Understanding Modern Portfolio Construction
[drizzle]Over the last 75 years there have been great strides in modern finance, portfolio theory and asset allocation strategies. Despite this progress the process of portfolio construction remains grounded in many theoretical concepts that can result in inappropriate or unrealistic frameworks. In this paper we provide an overview of the development of these ideas, construct a general foundation for understanding portfolio construction and produce a framework for simplifying, systematizing and streamlining the process in an attempt to establish a realistic and suitable process for portfolio construction.
Understanding Modern Portfolio Construction – Introduction
This paper introduces the basic historical background upon which modern finance and asset allocation is implemented, provides a general understanding for portfolio construction and offers some ideas for improving the methodology for Modern Portfolio Construction (MPC).
This paper is organized in three sections.

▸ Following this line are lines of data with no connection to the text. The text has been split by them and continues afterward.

(* For any formula $A$, the sequent $\Box(\Box(A\to\Box A)\to A)\Rightarrow A$ is provable in $\mathsf{Grz}_\infty$.
   Context: Formulas are built from $\bot$ and atomic propositions using $\to$ and $\Box$. A sequent is $\Gamma\Rightarrow\Delta$ with $\Gamma,\Delta$ finite multisets of formulas; $\Box\Pi$ denotes the multiset $\{\Box B:B\in\Pi\}$. The calculus $\mathsf{Grz}_\infty$ has initial sequents $\Gamma,p\Rightarrow p,\Delta$ ($p$ atomic) and $\Gamma,\bot\Rightarrow\Delta$, and rules: $(\to_L)$ from $\Gamma,B\Rightarrow\Delta$ and $\Gamma\Rightarrow A,\Delta$ infer $\Gamma,A\to B\Rightarrow\Delta$; $(\to_R)$ from $\Gamma,A\Rightarrow B,\Delta$ infer $\Gamma\Rightarrow A\to B,\Delta$; $(\mathsf{refl})$ from $\Gamma,B,\Box B\Rightarrow\Delta$ infer $\Gamma,\Box B\Rightarrow\Delta$; $(\Box)$ from left premise $\Gamma,\Box\Pi\Rightarrow A,\Delta$ and right premise $\Box\Pi\Rightarrow A$ infer $\Gamma,\Box\Pi\Rightarrow\Box A,\Delta$. An $\infty$-proof is a possibly infinite tree of sequents built by these rules, with leaves labelled by initial sequents, in which every infinite branch passes through a right premise of $(\Box)$ infinitely often; a sequent is provable if it labels the root of an $\infty$-proof. *)

theory Defs
  imports Main "HOL-Library.Multiset"
begin

datatype fm = Bot | At nat | Imp fm fm | Box fm

type_synonym sequent = "fm multiset \<times> fm multiset"

(* rule labels of Grz_infinity; Ax covers both kinds of initial sequents *)
datatype rule = Ax | ImpL | ImpR | Refl | BoxR

fun nprem :: "rule \<Rightarrow> nat" where
  "nprem Ax = 0" | "nprem ImpL = 2" | "nprem ImpR = 1" | "nprem Refl = 1" | "nprem BoxR = 2"

definition initial :: "sequent \<Rightarrow> bool" where
  "initial s \<longleftrightarrow> (\<exists>p. At p \<in># fst s \<and> At p \<in># snd s) \<or> Bot \<in># fst s"

fun rule_inst :: "rule \<Rightarrow> sequent \<Rightarrow> sequent list \<Rightarrow> bool" where
  "rule_inst Ax s ps \<longleftrightarrow> ps = [] \<and> initial s"
| "rule_inst ImpL (G, D) ps \<longleftrightarrow> (\<exists>\<Gamma> A B. G = add_mset (Imp A B) \<Gamma> \<and>
      ps = [(add_mset B \<Gamma>, D), (\<Gamma>, add_mset A D)])"
| "rule_inst ImpR (G, D) ps \<longleftrightarrow> (\<exists>\<Delta> A B. D = add_mset (Imp A B) \<Delta> \<and>
      ps = [(add_mset A G, add_mset B \<Delta>)])"
| "rule_inst Refl (G, D) ps \<longleftrightarrow> (\<exists>\<Gamma> B. G = add_mset (Box B) \<Gamma> \<and>
      ps = [(add_mset B (add_mset (Box B) \<Gamma>), D)])"
| "rule_inst BoxR (G, D) ps \<longleftrightarrow> (\<exists>\<Gamma> \<Pi> A \<Delta>. G = \<Gamma> + image_mset Box \<Pi> \<and> D = add_mset (Box A) \<Delta> \<and>
      ps = [(\<Gamma> + image_mset Box \<Pi>, add_mset A \<Delta>), (image_mset Box \<Pi>, {#A#})])"

(* A possibly infinite proof tree: nodes are addresses (nat lists), T the set of nodes,
   lab the sequent at a node, rl the rule applied at a node; child i of xs is xs @ [i].
   The right premise of BoxR is child number 1. *)
definition inf_proof :: "nat list set \<Rightarrow> (nat list \<Rightarrow> sequent) \<Rightarrow> (nat list \<Rightarrow> rule) \<Rightarrow> bool" where
  "inf_proof T lab rl \<longleftrightarrow>
     [] \<in> T \<and>
     (\<forall>xs i. xs @ [i] \<in> T \<longrightarrow> xs \<in> T) \<and>
     (\<forall>xs\<in>T. (\<forall>i. xs @ [i] \<in> T \<longleftrightarrow> i < nprem (rl xs)) \<and>
        rule_inst (rl xs) (lab xs) (map (\<lambda>i. lab (xs @ [i])) [0..<nprem (rl xs)])) \<and>
     (\<forall>f :: nat \<Rightarrow> nat. (\<forall>n. map f [0..<n] \<in> T) \<longrightarrow>
        (\<forall>m. \<exists>n\<ge>m. rl (map f [0..<n]) = BoxR \<and> f n = 1))"

definition provable :: "sequent \<Rightarrow> bool" where
  "provable s \<longleftrightarrow> (\<exists>T lab rl. inf_proof T lab rl \<and> lab [] = s)"

end

(* Write grz A = Box (A -> Box A) -> A.  The root sequent Box (grz A) => A has a cyclic
   derivation: (refl) and (->L) on grz A leave Box (grz A) => Box (A -> Box A), A, which
   (Box) and (->R) reduce to identities and to A, Box (grz A) => Box A; the (Box) step on
   that sequent has the root itself as right premise.  Unfolding this finite graph gives
   an infinite proof, and every infinite branch passes a right premise of (Box) infinitely
   often, because a rank that falls along all other edges cannot fall forever.  Identity
   sequents B, G => B, D are expanded inside the same graph, ranked by the size of B. *)

theory Submission
  imports Defs
begin

definition graph_node :: "('a \<Rightarrow> rule \<times> 'a list) \<Rightarrow> 'a \<Rightarrow> nat list \<Rightarrow> 'a" where
  "graph_node st a0 xs = foldl (\<lambda>a i. snd (st a) ! i) a0 xs"

definition graph_paths :: "('a \<Rightarrow> rule \<times> 'a list) \<Rightarrow> 'a \<Rightarrow> nat list set" where
  "graph_paths st a0 =
     {xs. \<forall>k<length xs. xs ! k < length (snd (st (graph_node st a0 (take k xs))))}"

lemma graph_node_Nil [simp]: "graph_node st a0 [] = a0"
  by (simp add: graph_node_def)

lemma graph_node_snoc: "graph_node st a0 (xs @ [i]) = snd (st (graph_node st a0 xs)) ! i"
  by (simp add: graph_node_def)

lemma Nil_in_graph_paths: "[] \<in> graph_paths st a0"
  by (simp add: graph_paths_def)

lemma snoc_in_graph_paths_iff:
  "xs @ [i] \<in> graph_paths st a0 \<longleftrightarrow>
     xs \<in> graph_paths st a0 \<and> i < length (snd (st (graph_node st a0 xs)))"
  by (auto simp: graph_paths_def nth_append less_Suc_eq)

lemma graph_path_visits_unranked_edge:
  fixes m :: "'a \<Rightarrow> nat"
  assumes paths: "\<And>n. map f [0..<n] \<in> graph_paths st a0"
    and rank_decreases: "\<And>a i. i < length (snd (st a)) \<Longrightarrow> \<not> (fst (st a) = BoxR \<and> i = 1) \<Longrightarrow>
        m (snd (st a) ! i) < m a"
  shows "\<exists>n\<ge>n0. fst (st (graph_node st a0 (map f [0..<n]))) = BoxR \<and> f n = 1"
proof (rule ccontr)
  assume no_visit: "\<not> ?thesis"
  define g where "g k = m (graph_node st a0 (map f [0..<n0 + k]))" for k
  have "g (Suc k) < g k" for k
  proof -
    let ?a = "graph_node st a0 (map f [0..<n0 + k])"
    have "map f [0..<n0 + k] @ [f (n0 + k)] \<in> graph_paths st a0"
      using paths[of "Suc (n0 + k)"] by simp
    then have "f (n0 + k) < length (snd (st ?a))"
      by (simp add: snoc_in_graph_paths_iff)
    moreover have "\<not> (fst (st ?a) = BoxR \<and> f (n0 + k) = 1)"
      using no_visit by auto
    ultimately show ?thesis
      using rank_decreases by (simp add: g_def graph_node_snoc)
  qed
  then show False
    using wf_no_infinite_down_chainE[OF wf_less_than, of g] by simp
qed

lemma provable_if_ranked_proof_graph:
  fixes lab :: "'a \<Rightarrow> sequent" and st :: "'a \<Rightarrow> rule \<times> 'a list" and m :: "'a \<Rightarrow> nat"
  assumes rule_ok: "\<And>a. rule_inst (fst (st a)) (lab a) (map lab (snd (st a)))"
    and arity: "\<And>a. length (snd (st a)) = nprem (fst (st a))"
    and rank_decreases: "\<And>a i. i < length (snd (st a)) \<Longrightarrow> \<not> (fst (st a) = BoxR \<and> i = 1) \<Longrightarrow>
        m (snd (st a) ! i) < m a"
  shows "provable (lab a0)"
proof -
  let ?T = "graph_paths st a0"
  define lab' where "lab' xs = lab (graph_node st a0 xs)" for xs
  define rl where "rl xs = fst (st (graph_node st a0 xs))" for xs
  have premise_labels:
    "map (\<lambda>i. lab' (xs @ [i])) [0..<nprem (rl xs)] = map lab (snd (st (graph_node st a0 xs)))" for xs
    unfolding lab'_def graph_node_snoc rl_def arity[symmetric]
    by (rule nth_equalityI) simp_all
  have "inf_proof ?T lab' rl"
    unfolding inf_proof_def
  proof (intro conjI allI impI ballI)
    fix xs assume "xs \<in> ?T"
    show "rule_inst (rl xs) (lab' xs) (map (\<lambda>i. lab' (xs @ [i])) [0..<nprem (rl xs)])"
      unfolding premise_labels unfolding lab'_def rl_def by (rule rule_ok)
  next
    fix f :: "nat \<Rightarrow> nat" and n0
    assume "\<forall>n. map f [0..<n] \<in> ?T"
    then show "\<exists>n\<ge>n0. rl (map f [0..<n]) = BoxR \<and> f n = 1"
      unfolding rl_def by (blast intro: graph_path_visits_unranked_edge rank_decreases)
  qed (auto simp: Nil_in_graph_paths snoc_in_graph_paths_iff arity rl_def)
  then show ?thesis
    unfolding provable_def by (metis graph_node_Nil lab'_def)
qed

lemma rule_inst_BoxR_I:
  "rule_inst BoxR (\<Gamma> + image_mset Box \<Pi>, add_mset (Box A) \<Delta>)
     [(\<Gamma> + image_mset Box \<Pi>, add_mset A \<Delta>), (image_mset Box \<Pi>, {#A#})]"
  by auto

abbreviation grz :: "fm \<Rightarrow> fm" where
  "grz A \<equiv> Imp (Box (Imp A (Box A))) A"

datatype node =
    Ident "fm multiset" "fm multiset" fm
  | Ident_box "fm multiset" "fm multiset" fm
  | Ident_imp "fm multiset" "fm multiset" fm fm
  | Cycle0 | Cycle1 | Cycle2 | Cycle3 | Cycle4 | Cycle5

fun node_sequent :: "fm \<Rightarrow> node \<Rightarrow> sequent" where
  "node_sequent A (Ident G D B) = (add_mset B G, add_mset B D)"
| "node_sequent A (Ident_box G D C) = (add_mset (Box C) G, add_mset C D)"
| "node_sequent A (Ident_imp G D C E) = (add_mset C (add_mset (Imp C E) G), add_mset E D)"
| "node_sequent A Cycle0 = ({#Box (grz A)#}, {#A#})"
| "node_sequent A Cycle1 = ({#grz A, Box (grz A)#}, {#A#})"
| "node_sequent A Cycle2 = ({#Box (grz A)#}, {#Box (Imp A (Box A)), A#})"
| "node_sequent A Cycle3 = ({#Box (grz A)#}, {#Imp A (Box A), A#})"
| "node_sequent A Cycle4 = ({#Box (grz A)#}, {#Imp A (Box A)#})"
| "node_sequent A Cycle5 = ({#A, Box (grz A)#}, {#Box A#})"

fun node_step :: "fm \<Rightarrow> node \<Rightarrow> rule \<times> node list" where
  "node_step A (Ident G D Bot) = (Ax, [])"
| "node_step A (Ident G D (At p)) = (Ax, [])"
| "node_step A (Ident G D (Imp C E)) = (ImpR, [Ident_imp G D C E])"
| "node_step A (Ident G D (Box C)) = (BoxR, [Ident_box G D C, Ident_box {#} {#} C])"
| "node_step A (Ident_box G D C) = (Refl, [Ident (add_mset (Box C) G) D C])"
| "node_step A (Ident_imp G D C E) = (ImpL, [Ident (add_mset C G) D E, Ident G (add_mset E D) C])"
| "node_step A Cycle0 = (Refl, [Cycle1])"
| "node_step A Cycle1 = (ImpL, [Ident {#Box (grz A)#} {#} A, Cycle2])"
| "node_step A Cycle2 = (BoxR, [Cycle3, Cycle4])"
| "node_step A Cycle3 = (ImpR, [Ident {#Box (grz A)#} {#Box A#} A])"
| "node_step A Cycle4 = (ImpR, [Cycle5])"
| "node_step A Cycle5 = (BoxR, [Ident {#Box (grz A)#} {#} A, Cycle0])"

fun node_rank :: "fm \<Rightarrow> node \<Rightarrow> nat" where
  "node_rank A (Ident G D B) = 3 * size B"
| "node_rank A (Ident_box G D C) = 3 * size C + 1"
| "node_rank A (Ident_imp G D C E) = 3 * (size C + size E) + 1"
| "node_rank A Cycle0 = 3 * size A + 10"
| "node_rank A Cycle1 = 3 * size A + 9"
| "node_rank A Cycle2 = 3 * size A + 8"
| "node_rank A Cycle3 = 3 * size A + 7"
| "node_rank A Cycle4 = 3 * size A + 7"
| "node_rank A Cycle5 = 3 * size A + 6"

lemma length_node_step: "length (snd (node_step A a)) = nprem (fst (node_step A a))"
  by (cases "(A, a)" rule: node_step.cases) auto

lemma node_rank_decreases:
  "i < length (snd (node_step A a)) \<Longrightarrow> \<not> (fst (node_step A a) = BoxR \<and> i = 1) \<Longrightarrow>
     node_rank A (snd (node_step A a) ! i) < node_rank A a"
  by (cases "(A, a)" rule: node_step.cases) (auto simp: less_Suc_eq nth_Cons')

lemma rule_inst_node_step:
  "rule_inst (fst (node_step A a)) (node_sequent A a) (map (node_sequent A) (snd (node_step A a)))"
proof (cases "(A, a)" rule: node_step.cases)
  case (4 _ G D C)
  then show ?thesis
    using rule_inst_BoxR_I[of G "{#C#}" C D] by simp
next
  case 9
  then show ?thesis
    using rule_inst_BoxR_I[of "{#}" "{#grz A#}" "Imp A (Box A)" "{#A#}"] by simp
next
  case 10
  then show ?thesis
    by (auto simp: add_mset_commute intro!: exI[of _ "{#A#}"])
next
  case 12
  then show ?thesis
    using rule_inst_BoxR_I[of "{#A#}" "{#grz A#}" A "{#}"] by (simp add: add_mset_commute)
qed (auto simp: initial_def)

theorem lemma3p2:
  fixes A :: fm
  shows "provable ({# Box (Imp (Box (Imp A (Box A))) A) #}, {# A #})"
  using provable_if_ranked_proof_graph[OF rule_inst_node_step length_node_step node_rank_decreases,
      of A Cycle0]
  by simp

end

Section One discusses the historical background of Modern Portfolio Theory (MPT) and how its influence resulted in many of the ideas that dominate portfolio modeling today. Section Two discusses the general building blocks of portfolio construction and how one should begin to approach the process of asset allocation. Section Three builds on many of the positive developments in MPT and modern finance and helps develop a realistic and practical framework for Modern Portfolio Construction. We develop a general framework for understanding portfolio construction and conclude that a low fee, tax efficient Countercyclical Indexing™ strategy results in a rational and suitable approach to portfolio construction.
A Brief Review of Modern Portfolio Theory & Modern Finance 1952 marked the birth of Modern Portfolio Theory when Harry Markowitz (Markowitz, 1952) developed his methodology of mean-variance optimization (MVO).i Markowitz, widely recognized as the father of modern finance, established an approach by which asset allocators could quantify how best to efficiently allocate assets by measuring the degree of risk one takes in achieving a certain type of return. Arguably, the most important development in the MPT framework (most notably Markowitz 1959) was the development of a cohesive language and process for portfolio construction. Several key concepts were derived from MPT including:
- The importance of understanding covariance and diversification as well as the tendency for uncorrelated assets to create superior risk adjusted returns when combined in a portfolio by reducing the total portfolio variance.
- The utilization of portfolio “risk” as standard deviation which helped develop mathematical models for understanding risk in a portfolio.
- The development of the data driven concept of the Efficient Frontier which allows asset allocators to create a systematic method for portfolio selection and risk management.
MPT was a sufficient starting point for asset allocation models, but only laid the theoretical foundation. The two most important developments in Modern Finance that built on MPT included the Capital Asset Pricing Model (CAPM) and the Efficient Market Hypothesis which is often commingled with the Fama French Factor Models.
The Capital Asset Pricing Model (CAPM) was developed by Jack Treynor, William Sharpe, John Lintner and Jan Mossin in the 1960s.ii CAPM formalized a framework by which asset allocators could understand the relationship between asset returns and risk according to mean variance analysis. This mathematical model distinguished between two specific types of market risk: 1) systematic risk (i.e., diversifiable risk), and; 2) non-systematic risk (i.e., undiversifiable risk). This asset pricing model helped asset allocators distinguish between the returns generated from “the market” (i.e., beta), and any excess return (i.e., alpha). According to CAPM there are two ways to generate returns: 1) take the market return and; 2) beat the market. The development of MPT and CAPM popularized the idea of using a market cap weighted indexing portfolio as these methods emphasized the importance of a diversified market portfolio. This era coincided with the significant growth in both beta replicators (index funds) and excess return chasers (most active mutual funds).
In 1976 Stephen Ross expanded on CAPM when he introduced Arbitrage Pricing Theory (APT), which identified multiple sources of systematic risk.iii The crash of 1987 and the East Asian Currency Crisis increased focus on tail risk in portfolios and other sources of market risk while diminishing the credibility of ideas like the Efficient Market Hypothesis. These events resulted in greater research into market anomalies and challenged the overly simplistic single factor approach like CAPM. These tail risk events led to a widespread focus on Value at Risk models that use statistical properties to calculate the worst case scenarios across portfolios. This increased the focus on hedging strategies as well as the use of portfolio insurance such as options and futures contracts. This era coincided with the significant growth in hedging strategies and hedge funds specifically.